H.E. Hussain al-Shahristani, Deputy Prime Minister for Energy, Republic of Iraq
Dr. Hussain al-Shahristani has served as deputy prime minister for energy since 2010, and is also in charge of the Ministry of Electricity. He was Iraqi minister of oil from 2006 to 2010.
Previously, Deputy Prime Minister al-Shahristani served as a member of the Iraqi Parliament (2006), and as first deputy chairman of the Iraqi National Assembly (2005). In 2004 he taught as a professor at Baghdad University, and from 2002 to 2004 was concurrently a visiting professor at Surrey University in the United Kingdom. In 2003 he was head of the Iraqi National Academy of Sciences, and prior to his role there, from 1998 to 2002 was an advisor to the International Technical Research Centre, London.
Deputy Prime Minister al-Shahristani spent more than a decade (1979-91) as a political prisoner in the infamous Abu Ghraib prison under the regime of Saddam Hussein. First arrested for his opposition to the government’s persecution of Iraq’s Shi’a population, and kept captive after his refusal to help the regime build an atomic weapon. He escaped during an allied bombing raid on Baghdad during the First Gulf War. Deputy Prime Minister al-Shahristani fled to Iran where he served as head of the Gulf War Victims Organization from 1991 to 1995. He later continued his support for the victims of Hussein’s regime and the Gulf War as head of the Iraqi Political Prisoners Union (2003) and as chief of the Iraqi Refugees Relief Committee (1998-2003).
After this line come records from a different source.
(* Let $L|K$ be a field extension and assume that $L$ admits a $K$-rational place $\xi$. Then the map $\iota:M(K)\to M(L)$, $\zeta\mapsto\zeta\circ\xi$, is a continuous injective map compatible with restriction.
   Context: A $K$-rational place of $L$ is a place of $L$ which is the identity on $K$ and whose image is $K\cup\{\infty\}$. For a field $K$, $M(K)$ is the set of $\mathbb R$-places $K\to\mathbb R\cup\{\infty\}$, with topology generated by the subbasis $H'(b)=\{\zeta\in M(K)\mid \infty\ne\zeta(b)>0\}$, $b\in K$. A map $\iota:M(K)\to M(L)$ is compatible with restriction if $\iota(\zeta)|_K=\zeta$ for all $\zeta\in M(K)$. *)

theory Defs
  imports "HOL-Analysis.Analysis"
begin

definition is_subfield :: "'a::field set \<Rightarrow> bool" where
  "is_subfield K \<longleftrightarrow> 0 \<in> K \<and> 1 \<in> K \<and>
     (\<forall>x\<in>K. \<forall>y\<in>K. x + y \<in> K \<and> x * y \<in> K) \<and>
     (\<forall>x\<in>K. - x \<in> K \<and> inverse x \<in> K)"

text \<open>The value infinity is represented by None, a finite value y by Some y.
  A place of the field A into the field B is a map phi on A with values in B \<union> {\<infinity>}
  whose finiteness ring O = {x. phi x \<noteq> \<infinity>} is a subring on which phi is a ring
  homomorphism, and such that for x \<noteq> 0: phi x = \<infinity> iff phi (x^-1) = 0
  (so O is a valuation ring and the kernel of phi on O is its maximal ideal).\<close>
definition is_place :: "'a::field set \<Rightarrow> 'b::field set \<Rightarrow> ('a \<Rightarrow> 'b option) \<Rightarrow> bool" where
  "is_place A B \<phi> \<longleftrightarrow>
     (\<forall>x. x \<notin> A \<longrightarrow> \<phi> x = None) \<and>
     (\<forall>x\<in>A. \<forall>y. \<phi> x = Some y \<longrightarrow> y \<in> B) \<and>
     \<phi> 1 = Some 1 \<and>
     (\<forall>x\<in>A. \<forall>y\<in>A. \<forall>a b. \<phi> x = Some a \<and> \<phi> y = Some b \<longrightarrow>
         \<phi> (x + y) = Some (a + b) \<and> \<phi> (x * y) = Some (a * b)) \<and>
     (\<forall>x\<in>A. x \<noteq> 0 \<longrightarrow> (\<phi> x = None \<longleftrightarrow> \<phi> (inverse x) = Some 0))"

definition K_rational_place :: "'a::field set \<Rightarrow> 'a set \<Rightarrow> ('a \<Rightarrow> 'a option) \<Rightarrow> bool" where
  "K_rational_place K L \<xi> \<longleftrightarrow> is_place L K \<xi> \<and> (\<forall>x\<in>K. \<xi> x = Some x)"

definition Mspace :: "'a::field set \<Rightarrow> ('a \<Rightarrow> real option) set" where
  "Mspace K = {\<zeta>. is_place K (UNIV::real set) \<zeta>}"

definition Hsub :: "'a::field set \<Rightarrow> 'a \<Rightarrow> ('a \<Rightarrow> real option) set" where
  "Hsub K b = {\<zeta>\<in>Mspace K. \<exists>r. \<zeta> b = Some r \<and> r > 0}"

definition Mtop :: "'a::field set \<Rightarrow> ('a \<Rightarrow> real option) topology" where
  "Mtop K = subtopology (topology_generated_by {Hsub K b | b. b \<in> K}) (Mspace K)"

definition place_comp :: "('b \<Rightarrow> 'c option) \<Rightarrow> ('a \<Rightarrow> 'b option) \<Rightarrow> 'a \<Rightarrow> 'c option" where
  "place_comp \<zeta> \<xi> x = (case \<xi> x of None \<Rightarrow> None | Some y \<Rightarrow> \<zeta> y)"

definition place_restrict :: "'a set \<Rightarrow> ('a \<Rightarrow> 'c option) \<Rightarrow> 'a \<Rightarrow> 'c option" where
  "place_restrict K \<zeta> x = (if x \<in> K then \<zeta> x else None)"

end

theory Submission
  imports Defs
begin

text \<open>A real place \<open>\<zeta>\<close> of \<open>K\<close> pulls back along \<open>\<xi>\<close> to the real place \<open>\<zeta> \<circ> \<xi>\<close> of \<open>L\<close>, since a
  composite of places is a place. As \<open>\<xi>\<close> is the identity on \<open>K\<close>, restricting \<open>\<zeta> \<circ> \<xi>\<close> to \<open>K\<close>
  gives back \<open>\<zeta>\<close>, which yields injectivity. For continuity, the preimage of a subbasic set
  \<open>H'(b)\<close> of \<open>M(L)\<close> is \<open>H'(\<xi> b)\<close> if \<open>\<xi> b\<close> is finite and empty otherwise.\<close>

lemma is_placeD:
  assumes "is_place A B \<phi>"
  shows is_place_out: "\<And>x. x \<notin> A \<Longrightarrow> \<phi> x = None"
    and is_place_val: "\<And>x y. x \<in> A \<Longrightarrow> \<phi> x = Some y \<Longrightarrow> y \<in> B"
    and is_place_one: "\<phi> 1 = Some 1"
    and is_place_add: "\<And>x y a b. x \<in> A \<Longrightarrow> y \<in> A \<Longrightarrow> \<phi> x = Some a \<Longrightarrow> \<phi> y = Some b \<Longrightarrow>
           \<phi> (x + y) = Some (a + b)"
    and is_place_mult: "\<And>x y a b. x \<in> A \<Longrightarrow> y \<in> A \<Longrightarrow> \<phi> x = Some a \<Longrightarrow> \<phi> y = Some b \<Longrightarrow>
           \<phi> (x * y) = Some (a * b)"
    and is_place_inv: "\<And>x. x \<in> A \<Longrightarrow> x \<noteq> 0 \<Longrightarrow> \<phi> x = None \<longleftrightarrow> \<phi> (inverse x) = Some 0"
  using assms unfolding is_place_def by simp_all

lemma subfieldD:
  assumes "is_subfield A"
  shows subfield_zero: "0 \<in> A" and subfield_one: "1 \<in> A"
    and subfield_uminus: "\<And>x. x \<in> A \<Longrightarrow> - x \<in> A"
    and subfield_inverse: "\<And>x. x \<in> A \<Longrightarrow> inverse x \<in> A"
  using assms unfolding is_subfield_def by simp_all

lemma place_zero:
  assumes A: "is_subfield A" and P: "is_place A B \<phi>"
  shows "\<phi> 0 = Some 0"
proof -
  have m1: "- 1 \<in> A" using subfield_uminus[OF A subfield_one[OF A]] .
  \<comment> \<open>\<open>-1\<close> is its own inverse, so \<open>\<phi> (-1)\<close> cannot be \<open>\<infinity>\<close>.\<close>
  obtain a where a: "\<phi> (- 1) = Some a"
    using is_place_inv[OF P m1] by (cases "\<phi> (- 1)") auto
  have z: "\<phi> 0 = Some (1 + a)"
    using is_place_add[OF P subfield_one[OF A] m1 is_place_one[OF P] a] by simp
  have "\<phi> (0 + 0) = Some ((1 + a) + (1 + a))"
    using is_place_add[OF P subfield_zero[OF A] subfield_zero[OF A] z z] .
  with z have "1 + a = (1 + a) + (1 + a)" by simp
  then have "1 + a = 0" by (simp only: add_cancel_right_right)
  with z show ?thesis by (simp only:)
qed

lemma place_inverse_nonzero:
  assumes A: "is_subfield A" and P: "is_place A B \<phi>"
    and x: "x \<in> A" "\<phi> x = Some c" and c: "c \<noteq> 0"
  shows "\<phi> (inverse x) = Some (inverse c)"
proof -
  have x0: "x \<noteq> 0" using place_zero[OF A P] x c by auto
  have ix: "inverse x \<in> A" "inverse x \<noteq> 0" using subfield_inverse[OF A x(1)] x0 by auto
  obtain d where d: "\<phi> (inverse x) = Some d"
    using is_place_inv[OF P ix] x c by (cases "\<phi> (inverse x)") auto
  have "\<phi> (x * inverse x) = Some (c * d)" using is_place_mult[OF P x(1) ix(1) x(2) d] .
  with x0 is_place_one[OF P] have "c * d = 1" by simp
  then have "inverse c = d" by (rule inverse_unique)
  with d show ?thesis by simp
qed

lemma place_inverse_zero:
  assumes A: "is_subfield A" and P: "is_place A B \<phi>"
    and x: "x \<in> A" "x \<noteq> 0" "\<phi> x = Some 0"
  shows "\<phi> (inverse x) = None"
  using is_place_inv[OF P subfield_inverse[OF A x(1)]] x by simp

lemma is_place_place_comp:
  assumes A: "is_subfield A" and B: "is_subfield B"
    and PX: "is_place A B \<xi>" and PZ: "is_place B C \<zeta>"
  shows "is_place A C (place_comp \<zeta> \<xi>)"
proof -
  let ?p = "place_comp \<zeta> \<xi>"
  have hom: "?p (x + y) = Some (a + b) \<and> ?p (x * y) = Some (a * b)"
    if xy: "x \<in> A" "y \<in> A" and p: "?p x = Some a" "?p y = Some b" for x y a b
  proof -
    obtain c d where c: "\<xi> x = Some c" "\<zeta> c = Some a" and d: "\<xi> y = Some d" "\<zeta> d = Some b"
      using p by (auto simp: place_comp_def split: option.splits)
    have cd: "c \<in> B" "d \<in> B" using is_place_val[OF PX] xy c d by auto
    show ?thesis
      using is_place_add[OF PX xy c(1) d(1)] is_place_mult[OF PX xy c(1) d(1)]
        is_place_add[OF PZ cd c(2) d(2)] is_place_mult[OF PZ cd c(2) d(2)]
      by (simp add: place_comp_def)
  qed
  have inv: "?p x = None \<longleftrightarrow> ?p (inverse x) = Some 0" if x: "x \<in> A" "x \<noteq> 0" for x
  proof (cases "\<xi> x")
    case None
    then show ?thesis
      using is_place_inv[OF PX x] place_zero[OF B PZ] by (simp add: place_comp_def)
  next
    case (Some c)
    have cB: "c \<in> B" using is_place_val[OF PX x(1) Some] .
    show ?thesis
    proof (cases "c = 0")
      case True
      then show ?thesis
        using place_inverse_zero[OF A PX x] Some place_zero[OF B PZ] by (simp add: place_comp_def)
    next
      case False
      then show ?thesis
        using place_inverse_nonzero[OF A PX x(1) Some False] Some is_place_inv[OF PZ cB False]
        by (simp add: place_comp_def)
    qed
  qed
  have val: "y \<in> C" if "x \<in> A" "?p x = Some y" for x y
    using that is_place_val[OF PX] is_place_val[OF PZ]
    by (auto simp: place_comp_def split: option.splits)
  have out: "?p x = None" if "x \<notin> A" for x
    using is_place_out[OF PX that] by (simp add: place_comp_def)
  have one: "?p 1 = Some 1"
    using is_place_one[OF PX] is_place_one[OF PZ] by (simp add: place_comp_def)
  show ?thesis
    unfolding is_place_def using out one val hom inv by blast
qed

lemma place_restrict_place_comp_rational:
  assumes X: "K_rational_place K L \<xi>" and Z: "is_place K B \<zeta>"
  shows "place_restrict K (place_comp \<zeta> \<xi>) = \<zeta>"
  using X is_place_out[OF Z]
  by (auto simp: fun_eq_iff place_restrict_def place_comp_def K_rational_place_def)

lemma Hsub_one: "Hsub A 1 = Mspace A"
  unfolding Hsub_def Mspace_def using is_place_one by fastforce

lemma Union_Hsub:
  assumes "is_subfield A"
  shows "\<Union>{Hsub A b | b. b \<in> A} = Mspace A"
proof
  show "Mspace A \<subseteq> \<Union>{Hsub A b | b. b \<in> A}"
    using Hsub_one subfield_one[OF assms] by blast
qed (auto simp: Hsub_def)

lemma topspace_Mtop:
  assumes "is_subfield A"
  shows "topspace (Mtop A) = Mspace A"
  unfolding Mtop_def using Union_Hsub[OF assms] by simp

lemma openin_Mtop_Hsub:
  assumes "b \<in> A"
  shows "openin (Mtop A) (Hsub A b)"
proof -
  have "openin (topology_generated_by {Hsub A b | b. b \<in> A}) (Hsub A b)"
    by (rule topology_generated_by_Basis) (use assms in auto)
  then show ?thesis
    unfolding Mtop_def openin_subtopology by (auto simp: Hsub_def)
qed

lemma continuous_map_place_comp:
  assumes K: "is_subfield K" and L: "is_subfield L" and PX: "is_place L K \<xi>"
  shows "continuous_map (Mtop K) (Mtop L) (\<lambda>\<zeta>. place_comp \<zeta> \<xi>)"
proof -
  let ?\<iota> = "\<lambda>\<zeta>. place_comp \<zeta> \<xi>"
  have maps: "?\<iota> \<zeta> \<in> Mspace L" if "\<zeta> \<in> Mspace K" for \<zeta>
    using is_place_place_comp[OF L K PX] that unfolding Mspace_def by blast
  have "continuous_map (Mtop K) (topology_generated_by {Hsub L b | b. b \<in> L}) ?\<iota>"
  proof (rule continuous_on_generated_topo)
    fix U assume "U \<in> {Hsub L b | b. b \<in> L}"
    then obtain b where b: "b \<in> L" and U: "U = Hsub L b" by auto
    show "openin (Mtop K) (?\<iota> -` U \<inter> topspace (Mtop K))"
    proof (cases "\<xi> b")
      case None
      then have "?\<iota> -` U \<inter> topspace (Mtop K) = {}"
        by (auto simp: U Hsub_def place_comp_def)
      then show ?thesis by simp
    next
      case (Some c)
      have "?\<iota> -` U \<inter> topspace (Mtop K) = Hsub K c"
        using maps by (auto simp: topspace_Mtop[OF K] U Hsub_def place_comp_def Some)
      then show ?thesis
        using openin_Mtop_Hsub is_place_val[OF PX b Some] by simp
    qed
  next
    show "?\<iota> ` topspace (Mtop K) \<subseteq> \<Union> {Hsub L b | b. b \<in> L}"
      using maps topspace_Mtop[OF K] Union_Hsub[OF L] by auto
  qed
  then show ?thesis
    unfolding Mtop_def[of L]
    by (rule continuous_map_into_subtopology) (use maps topspace_Mtop[OF K] in auto)
qed

theorem theorem9p1:
  fixes K L :: "'a::field set" and \<xi> :: "'a \<Rightarrow> 'a option"
  assumes "is_subfield K" and "is_subfield L" and "K \<subseteq> L"
    and "K_rational_place K L \<xi>"
  defines "\<iota> \<equiv> (\<lambda>\<zeta>. place_comp \<zeta> \<xi>)"
  shows "continuous_map (Mtop K) (Mtop L) \<iota> \<and> inj_on \<iota> (Mspace K) \<and>
         (\<forall>\<zeta>\<in>Mspace K. place_restrict K (\<iota> \<zeta>) = \<zeta>)"
proof -
  have PX: "is_place L K \<xi>" using assms(4) unfolding K_rational_place_def by blast
  have restr: "\<forall>\<zeta>\<in>Mspace K. place_restrict K (\<iota> \<zeta>) = \<zeta>"
    using place_restrict_place_comp_rational[OF assms(4)] unfolding Mspace_def \<iota>_def by blast
  then have "inj_on \<iota> (Mspace K)" by (metis inj_onI)
  moreover have "continuous_map (Mtop K) (Mtop L) \<iota>"
    unfolding \<iota>_def using continuous_map_place_comp[OF assms(1,2) PX] .
  ultimately show ?thesis using restr by blast
qed

end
Before his arrest and imprisonment, Deputy Prime Minister al-Shahristani served as chief scientific advisor to the Iraqi Atomic Energy Commission. Prior to that, he was a lecturer at Mosul University (1973), an assistant professor at Baghdad University (1974), chief of Baghdad University’s Radioisotope Production Department from 1975 to 1977, and chief of the Nuclear Chemistry Department from 1977 to 1979.
Born in Karbala, Iraq, Deputy Prime Minister al-Shahristani received his BSc in Chemical Engineering from Imperial College, London in 1965, and an MSc from the University of Toronto in 1967. He received his PhD in chemical engineering from the same university in 1970.